At this stage, we can filter the words with the p_values less than 0.05 to figure out which words are significantly different in high value and low value. I am also looking for words with higher frequency in high_value questions rather than low_value ones.

In [51]:
x = [c[0] for c in chi_squared]
chi_squared_df = pd.DataFrame([c[0] for c in chi_squared], 
                              columns = ['word', 'chi_squared', 'p_value', 'high_value', 'low_value'])
chi_squared_df = chi_squared_df.sort_values('p_value')
chi_squared_df = chi_squared_df[(chi_squared_df['p_value'] < 0.05) & 
                                (chi_squared_df['high_value'] > chi_squared_df['low_value']) ]
chi_squared_df
Out[51]:
word chi_squared p_value high_value low_value
179 monitora 45.947439 1.214686e-11 35 13
78 target_blanksarah 24.358972 7.995351e-07 40 33
226 target_blankkelly 20.921282 4.785483e-06 25 16
93 african 17.283572 3.219584e-05 35 33
494 painter 16.941684 3.854581e-05 16 8
159 target_blankjimmy 16.114608 5.962236e-05 28 24
217 target_blankjon 13.979777 1.847876e-04 23 19
498 pulitzer 13.429676 2.476749e-04 15 9
388 liquid 12.719123 3.619354e-04 17 12
467 example 11.997980 5.325823e-04 15 10
592 spirit 11.341071 7.581159e-04 13 8
689 andrew 11.049381 8.871680e-04 12 7
557 plants 9.954357 1.604691e-03 13 9
547 relative 9.954357 1.604691e-03 13 9
309 border 9.792563 1.752191e-03 18 16
422 process 9.542069 2.008152e-03 15 12
991 physics 8.682874 3.212141e-03 9 5
947 spiritual 8.682874 3.212141e-03 9 5
439 string 8.057304 4.532057e-03 14 12
885 elements 7.198788 7.295282e-03 9 6
625 marine 6.779092 9.223181e-03 11 9
461 jersey 6.652781 9.900120e-03 13 12
721 greece 6.361380 1.166308e-02 10 8
829 translated 5.950459 1.471346e-02 9 7
848 window 5.950459 1.471346e-02 9 7
861 filled 5.950459 1.471346e-02 9 7
590 composed 5.772340 1.628035e-02 11 10
618 persian 5.772340 1.628035e-02 11 10
584 particles 5.772340 1.628035e-02 11 10
602 colony 5.772340 1.628035e-02 11 10
992 physicist 5.549240 1.848871e-02 8 6
694 freedom 5.333590 2.091826e-02 10 9
788 committee 4.896281 2.691459e-02 9 8
792 portuguese 4.896281 2.691459e-02 9 8
919 describe 4.460992 3.467736e-02 8 7
907 nature 4.460992 3.467736e-02 8 7
In [52]:
chi_squared_df.shape[0]
Out[52]:
36

Conclusion¶

In this project, a dataset of Jeopardy questions has been used to figure out some patterns in the questions that could help to win. After exploring we figured out that

  • On average about 6% of the words of answers are found in the questions. So the chance of deducing the answer from the question is quite low.
  • About 69% of the complex words in questions are repeated so studying the past questions can be really helpful to win.
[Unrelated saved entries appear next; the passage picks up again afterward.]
(* Let $\mathcal{I}$ be a countable nonempty set of database instances, $\mathcal{L}$ a query language, $f$ a set function on subsets of $\mathcal{I}$ with nonnegative real values, and let $p$ be the answer-dependent pricing function $p(\mathbf{Q},E)=f(\overline{\mathcal{S}}_{\mathbf{Q}}(E))$ for $\mathbf{Q}\in B(\mathcal{L})$, $E\in\{\mathbf{Q}(D):D\in\mathcal{I}\}$. The following are equivalent: (1) $p$ has no bundle arbitrage; (2) $f$ is subadditive over every semilattice $\mathcal{S}^{\mathcal{L}}_D$, $D\in\mathcal{I}$.
   Context: A query is a deterministic function on $\mathcal{I}$. A query bundle $\mathbf{Q}=(Q_1,\dots,Q_n)$ is a finite tuple of queries from $\mathcal{L}$, with $\mathbf{Q}(D)=(Q_1(D),\dots,Q_n(D))$; $B(\mathcal{L})$ is the set of all finite query bundles, closed under union (concatenation) $\mathbf{Q}_1,\mathbf{Q}_2$. $p$ has no bundle arbitrage if for every $D\in\mathcal{I}$ and all $\mathbf{Q}_1,\mathbf{Q}_2\in B(\mathcal{L})$, with $\mathbf{Q}=\mathbf{Q}_1,\mathbf{Q}_2$, we have $p(\mathbf{Q},\mathbf{Q}(D))\le p(\mathbf{Q}_1,\mathbf{Q}_1(D))+p(\mathbf{Q}_2,\mathbf{Q}_2(D))$. The conflict set is $\overline{\mathcal{S}}_{\mathbf{Q}}(E)=\{D'\in\mathcal{I}:\mathbf{Q}(D')\neq E\}$. For $D\in\mathcal{I}$, $\mathcal{S}^{\mathcal{L}}_D=\{\overline{\mathcal{S}}_{\mathbf{Q}}(\mathbf{Q}(D)):\mathbf{Q}\in B(\mathcal{L})\}$, a join-semilattice under inclusion with join $\cup$. $f$ is subadditive over $\mathcal{S}^{\mathcal{L}}_D$ if $f(A\cup B)\le f(A)+f(B)$ for all $A,B\in\mathcal{S}^{\mathcal{L}}_D$. *)

theory Defs
  imports Complex_Main "HOL-Library.Countable_Set"
begin

text \<open>Database instances have type 'd; a query is a (deterministic) function
 'd => 'a; a query language L is a set of queries. A query bundle is a finite
 tuple (list) of queries from L; B(L) = lists L, union of bundles = list append.\<close>

definition bundles :: "('d \<Rightarrow> 'a) set \<Rightarrow> ('d \<Rightarrow> 'a) list set" where
  "bundles L = lists L"

definition bundle_eval :: "('d \<Rightarrow> 'a) list \<Rightarrow> 'd \<Rightarrow> 'a list" where
  "bundle_eval Q D = map (\<lambda>q. q D) Q"

definition conflict_set :: "'d set \<Rightarrow> ('d \<Rightarrow> 'a) list \<Rightarrow> 'a list \<Rightarrow> 'd set" where
  "conflict_set I Q E = {D' \<in> I. bundle_eval Q D' \<noteq> E}"

definition answer_price :: "'d set \<Rightarrow> ('d set \<Rightarrow> real) \<Rightarrow> ('d \<Rightarrow> 'a) list \<Rightarrow> 'a list \<Rightarrow> real" where
  "answer_price I f Q E = f (conflict_set I Q E)"

definition no_bundle_arbitrage ::
  "'d set \<Rightarrow> ('d \<Rightarrow> 'a) set \<Rightarrow> (('d \<Rightarrow> 'a) list \<Rightarrow> 'a list \<Rightarrow> real) \<Rightarrow> bool" where
  "no_bundle_arbitrage I L p \<longleftrightarrow>
     (\<forall>D\<in>I. \<forall>Q1\<in>bundles L. \<forall>Q2\<in>bundles L.
        p (Q1 @ Q2) (bundle_eval (Q1 @ Q2) D)
          \<le> p Q1 (bundle_eval Q1 D) + p Q2 (bundle_eval Q2 D))"

definition conflict_semilattice :: "'d set \<Rightarrow> ('d \<Rightarrow> 'a) set \<Rightarrow> 'd \<Rightarrow> 'd set set" where
  "conflict_semilattice I L D = {conflict_set I Q (bundle_eval Q D) | Q. Q \<in> bundles L}"

definition subadditive_over :: "('d set \<Rightarrow> real) \<Rightarrow> 'd set set \<Rightarrow> bool" where
  "subadditive_over f S \<longleftrightarrow> (\<forall>A\<in>S. \<forall>B\<in>S. f (A \<union> B) \<le> f A + f B)"

end

theory Submission
  imports Defs
begin

text \<open>The conflict set of a concatenated bundle is the union of the conflict sets of its
  parts, so the arbitrage inequality for two bundles at D is literally the subadditivity
  inequality for two elements of the semilattice at D.\<close>

lemma conflict_set_append:
  "conflict_set I (Q1 @ Q2) (bundle_eval (Q1 @ Q2) D) =
   conflict_set I Q1 (bundle_eval Q1 D) \<union> conflict_set I Q2 (bundle_eval Q2 D)"
  by (auto simp: conflict_set_def bundle_eval_def)

lemma subadditive_over_conflict_semilattice_iff:
  "subadditive_over f (conflict_semilattice I L D) \<longleftrightarrow>
   (\<forall>Q1\<in>bundles L. \<forall>Q2\<in>bundles L.
      f (conflict_set I (Q1 @ Q2) (bundle_eval (Q1 @ Q2) D))
        \<le> f (conflict_set I Q1 (bundle_eval Q1 D)) + f (conflict_set I Q2 (bundle_eval Q2 D)))"
  unfolding subadditive_over_def conflict_set_append conflict_semilattice_def by blast

lemma no_bundle_arbitrage_answer_price_iff:
  "no_bundle_arbitrage I L (answer_price I f) \<longleftrightarrow>
   (\<forall>D\<in>I. subadditive_over f (conflict_semilattice I L D))"
  by (simp add: no_bundle_arbitrage_def answer_price_def
      subadditive_over_conflict_semilattice_iff)

theorem theorem2:
  fixes I :: "'d set" and L :: "('d \<Rightarrow> 'a) set" and f :: "'d set \<Rightarrow> real"
  assumes "countable I" and "I \<noteq> {}"
    and "\<And>S. S \<subseteq> I \<Longrightarrow> f S \<ge> 0"
  shows "no_bundle_arbitrage I L (answer_price I f) \<longleftrightarrow>
         (\<forall>D\<in>I. subadditive_over f (conflict_semilattice I L D))"
  by (rule no_bundle_arbitrage_answer_price_iff)

end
Then we focused our study on questions that pertain to high value questions instead of low value ones. This is helpful to earn more money. Using chi squared test we have got a list of 36 words with higher usage in high value questions and with a statistically significant difference of usage in high value and low value questions.

The next step can be finding the questions with the high value containing these words. These questions can be recommended to study to win.